Blurbmania

So first up, regular readers — yes, that means you mum — will have noticed that I haven’t been updating much recently. Been working my ass off, is why. Not my actual ass, mind, just my literary ass. My editing ass and my writing ass. My literary ass is in pretty good shape right now! Tight! I’m going to get back to nearly daily posts here soon, promise.

In the meantime, here’s three things that I have come across recently about blurbs. You know, those juicy little quotes from authors, promoting other authors. First up, Rebecca Johnson in Salon, sharing about her blurb-hunting woes. Choice quote: Johnson spots a potential target at a party and sidles up to her, intent on extracting a blurb.

“Hi,” I said a little too brightly. Was it my imagination, or was she already moving away from me? After a few forced pleasantries, I brought up the book and asked if she might be willing to read it. The expression on her face — part horror, part sneer — was exactly what I would have expected had I released a large fart and asked what she thought of it.

Then there’s Rachel Donadio in the New York Times, talking about a company that intends to sell blurbs. Oh, the horror! Donadio talks about “blurbing up” (Rick Moody on William Gaddis), “blurbing down” (famous writers endorsing students) and “blurbing the safely dead” (young neophytes attaching their names to prestigious classic authors).

Then there’s the great churning mass of lateral blurbing, where patterns are harder to discern and dangerous rivalries might lurk, with hard feelings existing among the blurbers themselves.

Finally, agent Nathan Bransford, whose blog I have come to truly appreciate, writes about blurbs in query letters. Bransford has a four tier system for assessing a blatent blurb. Read his post for more.

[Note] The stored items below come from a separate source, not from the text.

(* Let $d,n\ge 1$, let $\boldsymbol{a}_1,\ldots,\boldsymbol{a}_n\in\mathbf{R}^d$, let $w_1,\ldots,w_n>0$, fix $\varepsilon>0$ and $1\le p\le 2$. Define $\Phi(\boldsymbol{x})=\sum_{j=1}^n w_j\,(\lVert\boldsymbol{x}-\boldsymbol{a}_j\rVert^2+\varepsilon)^{p/2}$. Let $\boldsymbol{x}^{(0)}\in\mathbf{R}^d$ be arbitrary and define, for $t\ge 0$, $$\mu_j^{(t)}=w_j\,(\lVert\boldsymbol{x}^{(t)}-\boldsymbol{a}_j\rVert^2+\varepsilon)^{p/2-1},\qquad \boldsymbol{x}^{(t+1)}=\frac{\sum_j\mu_j^{(t)}\boldsymbol{a}_j}{\sum_j\mu_j^{(t)}}.$$ Then $\Phi$ has a unique stationary point $\boldsymbol{x}^\star$, every convergent subsequence of $(\boldsymbol{x}^{(t)})$ has limit $\boldsymbol{x}^\star$, and the whole sequence $(\boldsymbol{x}^{(t)})$ converges to $\boldsymbol{x}^\star$.
   Context: $\lVert\cdot\rVert$ is the Euclidean norm on $\mathbf{R}^d$. A stationary point of $\Phi$ is a point where its gradient vanishes. *)

theory Defs
  imports "HOL-Analysis.Analysis"
begin

definition stationary_point :: "('a::euclidean_space \<Rightarrow> real) \<Rightarrow> 'a \<Rightarrow> bool" where
  "stationary_point f x \<longleftrightarrow> (f has_derivative (\<lambda>h. 0)) (at x)"

definition Phi :: "nat \<Rightarrow> (nat \<Rightarrow> 'a::euclidean_space) \<Rightarrow> (nat \<Rightarrow> real) \<Rightarrow> real \<Rightarrow> real \<Rightarrow> 'a \<Rightarrow> real" where
  "Phi n a w eps p x = (\<Sum>j<n. w j * (norm (x - a j) ^ 2 + eps) powr (p / 2))"

definition mu :: "(nat \<Rightarrow> 'a::euclidean_space) \<Rightarrow> (nat \<Rightarrow> real) \<Rightarrow> real \<Rightarrow> real \<Rightarrow> 'a \<Rightarrow> nat \<Rightarrow> real" where
  "mu a w eps p x j = w j * (norm (x - a j) ^ 2 + eps) powr (p / 2 - 1)"

end

theory Submission
  imports Defs
begin

text \<open>The gradient of Phi at y is p times the sum of mu_j(y) (y - a_j). For p \<ge> 1 the map
  u \<mapsto> (|u|^2 + eps)^(p/2 - 1) u is strictly monotone, hence so is the gradient, and Phi has at most
  one stationary point. The iteration is majorize-minimize: since s \<mapsto> s^(p/2) is concave for
  p \<le> 2, Phi lies below the quadratic z \<mapsto> Phi(y) + p/2 sum_j mu_j(y) (|z - a_j|^2 - |y - a_j|^2),
  which touches Phi at y and is minimised at the next iterate. The iterates are convex combinations
  of the a_j, so they stay bounded, the weights stay bounded below, and the guaranteed decrease of
  Phi forces the steps to tend to 0. Every cluster point is then a fixed point of the continuous
  iteration map, i.e. a stationary point, and a bounded sequence with a single cluster point
  converges.\<close>

lemma powr_le_tangent:
  fixes A B c :: real
  assumes "0 < A" "0 < B" "0 \<le> c" "c \<le> 1"
  shows "A powr c \<le> B powr c + c * B powr (c - 1) * (A - B)"
proof -
  have "A powr c = A powr c * B powr (1 - c) * B powr (c - 1)"
    using assms by (simp add: mult.assoc powr_add[symmetric])
  also have "\<dots> \<le> (c * A + (1 - c) * B) * B powr (c - 1)"
    using Youngs_inequality_0[of c "1 - c" A B] assms by (intro mult_right_mono) auto
  also have "\<dots> = B powr c + c * B powr (c - 1) * (A - B)"
    using assms powr_add[of B 1 "c - 1"] by (simp add: algebra_simps)
  finally show ?thesis .
qed

lemma mult_powr_strict_mono:
  fixes e p s t :: real
  assumes "0 < e" "1 \<le> p" "0 \<le> s" "s < t"
  shows "s * (s + e) powr (p - 2) < t * (t + e) powr (p - 2)"
proof -
  have split: "z * (z + e) powr (p - 2) = z / (z + e) * (z + e) powr (p - 1)" if "0 \<le> z" for z
    using that assms powr_add[of "z + e" "p - 2" 1] by (simp add: field_simps)
  have "s / (s + e) * (s + e) powr (p - 1) < t / (t + e) * (s + e) powr (p - 1)"
    using assms by (intro mult_strict_right_mono) (simp_all add: field_simps)
  also have "\<dots> \<le> t / (t + e) * (t + e) powr (p - 1)"
    using assms by (intro mult_left_mono powr_mono2) auto
  finally show ?thesis using split assms by simp
qed

lemma smoothed_power_radial_strict_mono:
  fixes e p s t :: real
  assumes "0 < e" "1 \<le> p" "0 \<le> s" "s < t"
  shows "(s\<^sup>2 + e) powr (p/2 - 1) * s < (t\<^sup>2 + e) powr (p/2 - 1) * t"
proof -
  have square: "((z\<^sup>2 + e) powr (p/2 - 1) * z)\<^sup>2 = z\<^sup>2 * (z\<^sup>2 + e) powr (p - 2)" for z :: real
    by (simp add: power_mult_distrib power2_eq_square powr_add[symmetric])
  have "((s\<^sup>2 + e) powr (p/2 - 1) * s)\<^sup>2 < ((t\<^sup>2 + e) powr (p/2 - 1) * t)\<^sup>2"
    unfolding square using assms by (intro mult_powr_strict_mono power_strict_mono) auto
  then show ?thesis
    by (rule power_less_imp_less_base) (use assms in simp)
qed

The general consensus seems to be that blurbs do not actually matter too much, unless they are particularly super-duper. One of my coaching clients, Anita Naughton, was blurbed by Tina Brown, Oliver Sacks and Sandra Bernhard. That’s pretty super-duper. Her book sold out three print runs. I’m not saying it was the blurbs that did it — the book happens to be funny, moving, and brilliantly written. It sold on its own worth. But if you have contacts like Anita did, and can work them, it can’t hurt.